OK, I went to the airport last night and found the free car park. It is beyond the terminal building (follow signs for arrivals and keep going). You go past the rental car bit and it is lables P3. It looks like it will eventually be a pay car park as it has barriers and pay machines, but these are not used at the moment so you can just drive in and out. There is a security guard patrolling. As the car park is outdoors, the cars get very dirty quickly as it is situated right next to the building works, so probably not ideal if you drive something very precious! I saw a free courtesy bus there as well which goes to the terminal building. I am going to give it a go in a few days when I return to the UK. Any problems I'll report again!


----------



## jojo (Sep 20, 2007)

lynn said:


> OK, I went to the airport last night and found the free car park. It is beyond the terminal building (follow signs for arrivals and keep going). You go past the rental car bit and it is lables P3. It looks like it will eventually be a pay car park as it has barriers and pay machines, but these are not used at the moment so you can just drive in and out. There is a security guard patrolling. As the car park is outdoors, the cars get very dirty quickly as it is situated right next to the building works, so probably not ideal if you drive something very precious! I saw a free courtesy bus there as well which goes to the terminal building. I am going to give it a go in a few days when I return to the UK. Any problems I'll report again!

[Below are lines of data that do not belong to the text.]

lemma nn_integral_box_average_weight_le:
  fixes \<beta> :: "real \<Rightarrow> 'a::euclidean_space \<Rightarrow> real"
  assumes lb: "Linfty \<beta>"
  shows "(\<integral>\<^sup>+p. mu_beta_density \<beta> p * box_average_weight h z p \<partial>lborel)
    \<le> carleson_norm (mu_beta \<beta>) * ennreal ((5/3) ^ DIM('a)) * indicator {z. 0 < h z} z"
proof (cases "0 < h z")
  case True
  define R where "R = h z / 3"
  define c where "c = 1 / (unit_ball_vol DIM('a) * (h z / 5) ^ DIM('a))"
  have om: "unit_ball_vol (real DIM('a)) > 0" by (rule unit_ball_vol_pos) simp
  have "R > 0" "c > 0" using True om unfolding R_def c_def by simp_all
  have ratio: "1 / (v * (h z / 5) ^ n) * (v * (h z / 3) ^ n) = (5/3) ^ n" if "v > 0" for v :: real and n
    using that True by (simp add: field_simps power_divide)
  have "(\<integral>\<^sup>+p. mu_beta_density \<beta> p * box_average_weight h z p \<partial>lborel)
      = (\<integral>\<^sup>+p. ennreal c * (mu_beta_density \<beta> p * indicator (carleson_box z R) p) \<partial>lborel)"
    using True by (intro nn_integral_cong) (simp add: box_average_weight_def c_def R_def mult.commute)
  also have "\<dots> = ennreal c * (\<integral>\<^sup>+p. mu_beta_density \<beta> p * indicator (carleson_box z R) p \<partial>lborel)"
    using lb by (intro nn_integral_cmult) measurable
  also have "\<dots> = ennreal c * emeasure (mu_beta \<beta>) (carleson_box z R)"
    using emeasure_mu_beta[OF lb carleson_box_sets[of z R]]
      Int_absorb2[OF carleson_box_subset_upper_half_space[of z R]] by simp
  also have "\<dots> \<le> ennreal c * (carleson_norm (mu_beta \<beta>)
      * ennreal (unit_ball_vol DIM('a) * R ^ DIM('a)))"
    using \<open>R > 0\<close> by (intro mult_left_mono emeasure_carleson_box_le) auto
  also have "\<dots> = carleson_norm (mu_beta \<beta>) * ennreal (c * (unit_ball_vol DIM('a) * R ^ DIM('a)))"
    using \<open>c > 0\<close> by (simp add: ennreal_mult' mult_ac)
  also have "c * (unit_ball_vol DIM('a) * R ^ DIM('a)) = (5/3) ^ DIM('a)"
    unfolding c_def R_def using ratio[OF om] .
  finally show ?thesis using True by simp
qed (simp add: box_average_weight_def)

lemma nn_integral_below_lipschitz_graph_le:
  fixes h :: "'a::euclidean_space \<Rightarrow> real" and \<beta> :: "real \<Rightarrow> 'a \<Rightarrow> real"
  assumes lb: "Linfty \<beta>" and hm[measurable]: "h \<in> borel_measurable lborel"
    and lip: "\<And>y z. h y \<le> h z + dist y z"
  shows "(\<integral>\<^sup>+p. mu_beta_density \<beta> p * indicator {p. 4 * fst p < h (snd p)} p \<partial>lborel)
    \<le> carleson_norm (mu_beta \<beta>) * ennreal ((5/3) ^ DIM('a)) * emeasure lborel {z. 0 < h z}"
proof -
  let ?W = "box_average_weight h" and ?N = "carleson_norm (mu_beta \<beta>) * ennreal ((5/3) ^ DIM('a))"
  have "(\<lambda>x. mu_beta_density \<beta> (snd x))
      \<in> borel_measurable (lborel \<Otimes>\<^sub>M (lborel :: (real \<times> 'a) measure) :: ('a \<times> _) measure)"
    using lb by measurable
  then have fm: "(\<lambda>(z, p). mu_beta_density \<beta> p * ?W z p) \<in> borel_measurable (lborel \<Otimes>\<^sub>M lborel)"
    using box_average_weight_measurable[OF hm] by (simp add: case_prod_beta')
  have "mu_beta_density \<beta> p * indicator {p. 4 * fst p < h (snd p)} p
      \<le> (\<integral>\<^sup>+z. mu_beta_density \<beta> p * ?W z p \<partial>lborel)" for p
  proof (cases "0 < fst p \<and> 4 * fst p < h (snd p)")
    case True
    then have "mu_beta_density \<beta> p * 1 \<le> mu_beta_density \<beta> p * (\<integral>\<^sup>+z. ?W z p \<partial>lborel)"
      using nn_integral_box_average_weight_ge_one[OF lip, of "fst p" "snd p"]
      by (intro mult_left_mono) auto
    also have "\<dots> = (\<integral>\<^sup>+z. mu_beta_density \<beta> p * ?W z p \<partial>lborel)"
      using measurable_Pair2[OF box_average_weight_measurable[OF hm]]
      by (subst nn_integral_cmult) auto
    finally show ?thesis by (simp add: indicator_def)
  qed (auto simp: mu_beta_density_def upper_half_space_def indicator_def)
  then have "(\<integral>\<^sup>+p. mu_beta_density \<beta> p * indicator {p. 4 * fst p < h (snd p)} p \<partial>lborel)
      \<le> (\<integral>\<^sup>+p. (\<integral>\<^sup>+z. mu_beta_density \<beta> p * ?W z p \<partial>lborel) \<partial>lborel)"
    by (intro nn_integral_mono)
  also have "\<dots> = (\<integral>\<^sup>+z. (\<integral>\<^sup>+p. mu_beta_density \<beta> p * ?W z p \<partial>lborel) \<partial>lborel)"
    by (rule lborel_pair.Fubini'[OF fm])
  also have "\<dots> \<le> (\<integral>\<^sup>+z. ?N * indicator {z. 0 < h z} z \<partial>lborel)"
    by (intro nn_integral_mono nn_integral_box_average_weight_le[OF lb])
  also have "\<dots> = ?N * emeasure lborel {z. 0 < h z}"
    by (rule nn_integral_cmult_indicator) measurable
  finally show ?thesis .
qed

lemma nn_integral_interior_le:
  fixes \<phi> :: "'a::euclidean_space \<Rightarrow> 'a" and \<beta> :: "real \<Rightarrow> 'a \<Rightarrow> real"
  assumes bl: "bi_lipschitz_homeo \<phi>" and pl: "preserves_lebesgue \<phi>" and lb: "Linfty \<beta>"
    and r: "r > 0"
  shows "(\<integral>\<^sup>+p. mu_beta_density \<beta> p
            * indicator {p. 4 * fst p < (r - dist x0 (\<phi> (snd p))) / K_const \<phi>} p \<partial>lborel)
     \<le> carleson_norm (mu_beta \<beta>) * ennreal ((5/3) ^ DIM('a)) * ennreal (unit_ball_vol DIM('a) * r ^ DIM('a))"
proof -
  define K where "K = K_const \<phi>"
  define h where "h = (\<lambda>y. (r - dist x0 (\<phi> y)) / K)"
  have K2: "K \<ge> 2" unfolding K_def by (rule K_const_ge_two[OF bl])
  have [measurable]: "\<phi> \<in> borel_measurable lborel" using bi_lipschitz_borel_measurable[OF bl] by simp
  have "h \<in> borel_measurable lborel" unfolding h_def by measurable
  moreover have "h y \<le> h z + dist y z" for y z
  proof -
    have "dist x0 (\<phi> z) \<le> dist x0 (\<phi> y) + K * dist y z"
      using dist_triangle[of x0 "\<phi> z" "\<phi> y"] dist_le_K_const[OF bl, of y z]
      unfolding K_def by (simp add: dist_commute)
    then have "(r - dist x0 (\<phi> y)) / K \<le> (r - dist x0 (\<phi> z) + K * dist y z) / K"
      using K2 by (intro divide_right_mono) auto
    then show ?thesis unfolding h_def using K2 by (simp add: add_divide_distrib)
  qed
  ultimately have "(\<integral>\<^sup>+p. mu_beta_density \<beta> p * indicator {p. 4 * fst p < h (snd p)} p \<partial>lborel)
      \<le> carleson_norm (mu_beta \<beta>) * ennreal ((5/3) ^ DIM('a)) * emeasure lborel {z. 0 < h z}"
    by (rule nn_integral_below_lipschitz_graph_le[OF lb])
  moreover have "{z. 0 < h z} = \<phi> -` ball x0 r"
    unfolding h_def using K2 by (auto simp: zero_less_divide_iff dist_commute)
  ultimately show ?thesis
    using emeasure_lborel_vimage[OF bl pl, of "ball x0 r"] r
    by (simp add: h_def K_def emeasure_ball)
qed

I think I know where you mean, just past the cargo area??? its all a bit of a dirt track there isnt it (it'l be lovely when its finished!!), altho quite a few "carpark" looking places along there!! A bit of walk if the courtesy bus doesnt come along tho!! lol

Jo xxxx


----------



## lynn (Sep 25, 2008)

jojo said:


> I think I know where you mean, just past the cargo area??? its all a bit of a dirt track there isnt it (it'l be lovely when its finished!!), altho quite a few "carpark" looking places along there!! A bit of walk if the courtesy bus doesnt come along tho!! lol
> 
> Jo xxxx


Yes Jo, that's the place! Luckily, my flight is a mid morning one, so I am going to get there in plenty of time so that if there is a problem I still have time to drive back to the pay car parks! If it works out I'll be saving 7 euro a day on carparking which isn't to be sniffed at. Think I might wear my hiking boots just in case!:laugh:


----------



## DROOBY (Aug 5, 2008)

Well back in the Uk and its piddling down!!!
Parking is easy peasy head to car park 3 and look for the free bus stops. The bus is every 15mins free of charge. Bear in mind this will all end in April next year when in becomes a pay car park


----------



## mayotom (Nov 8, 2008)

that P3 parking has been free for the 4 years that i have been coming and going. i have never had a problem there, but I do know people who have had their cars broken into there, one even had the petrol tank removed from his car, I guess somebody needed the parts.

P3 will be pay parking once the terminal is finished


----------